Aannames kunnen er vaak toe leiden dat we verkeerde gevolgtrekkingen maken, vooral als we ons daar niet van bewust zijn. In het tweede voorbeeld uit hoofdstuk 1 leidden we af dat Sarah probeerde af te vallen omdat ze veel naar de sportschool ging. Maar mensen gaan om allerlei redenen naar de sportschool die niets te maken hebben met gewichtsverlies – ze kunnen aan krachttraining doen, yogales volgen (of er les in geven), of zelfs aan bodybuilding doen. We hebben gewoon aangenomen dat Sarah geïnteresseerd was in afvallen, wat geen overtuigende of redelijke aanname is op basis van het bewijsmateriaal.
Syllogisme
Een syllogisme is een logisch complete uitspraak die een gevolgtrekking bevat. Het is logisch compleet omdat het geen bewijs weglaat en geen aannames doet. Het werkt volledig op basis van aangegeven bewijs. Neem, bijvoorbeeld, de derde gevolgtrekking uit sectie 1, die over Jacko de hond.

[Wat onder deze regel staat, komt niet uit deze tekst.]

lemma has_bochner_integral_noise_delay_term:
  fixes v :: "nat \<Rightarrow> 'a \<Rightarrow> real" and tau :: "nat \<Rightarrow> 'a \<Rightarrow> nat" and f :: "'a \<Rightarrow> real"
  assumes indep: "indep_sets (obs_events (space M) v tau) UNIV"
    and v_meas: "\<And>j. v j \<in> borel_measurable M"
    and v_sq: "\<And>j. integrable M (\<lambda>w. (v j w)\<^sup>2)"
    and v_mean: "expectation (v k) = 0"
    and tau_meas: "\<And>j. tau j \<in> measurable M (count_space UNIV)"
    and tau_dist: "prob {w \<in> space M. tau n w = i} = p"
    and f_meas: "f \<in> borel_measurable (obs_sigma (space M) v tau (observed_before n))"
    and f_dom: "noise_dominated (space M) v n f"
  shows "has_bochner_integral M (\<lambda>w. v k w * ((kdelta (tau n w) i - p) * f w)) 0"
proof -
  define om where "om w = kdelta (tau n w) i - p" for w
  have om_obs: "om \<in> borel_measurable (obs_sigma (space M) v tau K)" if "Inr n \<in> K" for K
    unfolding om_def by (intro borel_measurable_diff borel_measurable_const measurable_obs_sigma_kdelta that)
  have f_obs: "f \<in> borel_measurable (obs_sigma (space M) v tau K)" if "observed_before n \<subseteq> K" for K
    using that f_meas by (rule measurable_obs_sigma_mono)
  note sub = subalgebra_obs_sigma[OF v_meas tau_meas]
  have om_f_M: "(\<lambda>w. om w * f w) \<in> borel_measurable M"
    using measurable_from_subalg[OF sub om_obs[OF singletonI]] measurable_from_subalg[OF sub f_meas]
    by (intro borel_measurable_times) simp_all
  have om_f_dom: "noise_dominated (space M) v n (\<lambda>w. om w * f w)"
    using f_dom by (rule noise_dominated_mult_bounded[where B="1 + \<bar>p\<bar>", rotated])
      (auto simp: om_def kdelta_def)
  have "(\<integral>w. v k w * (om w * f w) \<partial>M) = 0"
  proof (cases "n \<le> k")
    case True
    then have "(\<lambda>w. om w * f w) \<in> borel_measurable (obs_sigma (space M) v tau (- {Inl k}))"
      by (intro borel_measurable_times om_obs f_obs) (auto simp: observed_before_def)
    then show ?thesis
      using indep square_integrable_imp_integrable[OF v_meas v_sq] v_mean
        integrable_noise_dominated[OF v_meas v_sq om_f_M om_f_dom]
      by (intro integral_noise_mult_eq_0)
  next
    case False
    then have "(\<lambda>w. v k w * f w) \<in> borel_measurable (obs_sigma (space M) v tau (- {Inr n}))"
      by (intro borel_measurable_times measurable_obs_sigma_noise f_obs) (auto simp: observed_before_def)
    then have "(\<integral>w. om w * (v k w * f w) \<partial>M) = 0"
      unfolding om_def using indep tau_meas tau_dist
        integrable_mult_noise_dominated[OF v_meas v_sq v_meas v_sq measurable_from_subalg[OF sub f_meas] f_dom]
      by (intro integral_centred_delay_mult_eq_0)
    then show ?thesis
      by (simp add: mult.left_commute)
  qed
  moreover have "integrable M (\<lambda>w. v k w * (om w * f w))"
    by (rule integrable_mult_noise_dominated[OF v_meas v_sq v_meas v_sq om_f_M om_f_dom])
  ultimately show ?thesis
    unfolding om_def by (simp add: has_bochner_integral_iff)
qed

end

lemma d_sig_eq_sum:
  "d_sig T alpha p tau u k w
    = (\<Sum>i | i \<le> T \<and> i \<le> k. alpha i * (kdelta (tau (k - i) w) i - p i) * u (k - i) w)"
  unfolding d_sig_def omega_w_def by (intro sum.cong refl) auto

theorem lemma6:
  fixes M :: "'a measure" and T :: nat and p alpha :: "nat \<Rightarrow> real"
    and tau :: "nat \<Rightarrow> 'a \<Rightarrow> nat" and v u y :: "nat \<Rightarrow> 'a \<Rightarrow> real"
    and AP :: "real^'n^'n" and BP CP :: "real^'n"
    and AK :: "real^'m^'m" and BK CK :: "real^'m" and DK :: real
  assumes M: "prob_space M"
    and tau_meas: "\<And>n. tau n \<in> measurable M (count_space UNIV)"
    and tau_range: "\<And>n w. w \<in> space M \<Longrightarrow> tau n w \<le> T"
    and tau_dist: "\<And>n i. measure M {w \<in> space M. tau n w = i} = p i"
    and p_sum: "(\<Sum>i\<le>T. p i) = 1"
    and tau_indep: "prob_space.indep_vars M (\<lambda>_. count_space UNIV) tau UNIV"
    and v_meas: "\<And>k. v k \<in> borel_measurable M"
    and v_indep: "prob_space.indep_vars M (\<lambda>_. borel) v UNIV"
    and v_mean: "\<And>k. integral\<^sup>L M (v k) = 0"
    and v_var: "\<exists>B. \<forall>k. integrable M (\<lambda>w. (v k w)\<^sup>2) \<and> prob_space.variance M (v k) \<le> B"
    and tau_v_indep: "prob_space.indep_set M
        {(\<lambda>w n. tau n w) -` S \<inter> space M | S. S \<in> sets (Pi\<^sub>M UNIV (\<lambda>_. count_space (UNIV :: nat set)))}
        {(\<lambda>w k. v k w) -` S \<inter> space M | S. S \<in> sets (Pi\<^sub>M UNIV (\<lambda>_. (borel :: real measure)))}"
    and plant: "\<And>k w. w \<in> space M \<Longrightarrow>
        y k w = (\<Sum>j<k. ss_impulse AP BP CP 0 (k - j) * (v j w - chan_out T alpha tau u j w))"
    and controller: "\<And>k w. w \<in> space M \<Longrightarrow>
        u k w = (\<Sum>j\<le>k. ss_impulse AK BK CK DK (k - j) * y j w)"
  shows "integral\<^sup>L M (\<lambda>w. v k1 w * d_sig T alpha p tau u k2 w) = 0"
proof -
  interpret prob_space M
    by (rule M)
  have "feedback_loop (space M) v u y tau T alpha (ss_impulse AP BP CP 0) (ss_impulse AK BK CK DK)"
    unfolding feedback_loop_def using plant controller by blast
  then interpret feedback_loop "space M" v u y tau T alpha "ss_impulse AP BP CP 0" "ss_impulse AK BK CK DK" .
  have v_sq: "\<And>j. integrable M (\<lambda>w. (v j w)\<^sup>2)"
    using v_var by blast
  have indep: "indep_sets (obs_events (space M) v tau) UNIV"
    using tau_indep v_indep tau_v_indep by (rule indep_obs_events)
  have delay_term: "has_bochner_integral M (\<lambda>w. v k1 w * ((kdelta (tau n w) i - p i) * u n w)) 0" for n i
    by (rule has_bochner_integral_noise_delay_term[OF indep v_meas v_sq v_mean tau_meas tau_dist
          measurable_input noise_dominated_input])
  have d: "v k1 w * d_sig T alpha p tau u k2 w
      = (\<Sum>i | i \<le> T \<and> i \<le> k2. alpha i * (v k1 w * ((kdelta (tau (k2 - i) w) i - p i) * u (k2 - i) w)))"
    for w
    by (simp add: d_sig_eq_sum sum_distrib_left mult_ac)
  have "has_bochner_integral M
      (\<lambda>w. \<Sum>i | i \<le> T \<and> i \<le> k2. alpha i * (v k1 w * ((kdelta (tau (k2 - i) w) i - p i) * u (k2 - i) w)))
      (\<Sum>i | i \<le> T \<and> i \<le> k2. alpha i * 0)"
    by (intro has_bochner_integral_sum has_bochner_integral_mult_right delay_term)
  then have "has_bochner_integral M (\<lambda>w. v k1 w * d_sig T alpha p tau u k2 w) 0"
    by (simp add: d)
  then show ?thesis
    by (rule has_bochner_integral_integral_eq)
qed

Dit is een logisch volledige verklaring, omdat de conclusie (Jacko houdt van buikmassages) ons wordt opgedrongen door het bewijsmateriaal. In dit geval kan het bewijs discutabel zijn (Zijn er honden die niet van buikmassages houden? Is Jacko eigenlijk een coyote?) maar als het bewijs waar is, dan moet de conclusie waar zijn. Dat maakt het logisch compleet.
Enthymé
Dit is een deftig woord voor een partieel syllogisme, een waarin een deel van het bewijs wordt aangenomen in plaats van vermeld. We hebben al gekeken naar het syllogisme van Jacko de hond. Om er een enthymne van te maken, laat je één bewijs weg en maak je er een aanname van:
- “Jacko is een hond. Daarom houdt Jacko van buikmassages.”
- We nemen aan dat alle honden van buikmassages houden.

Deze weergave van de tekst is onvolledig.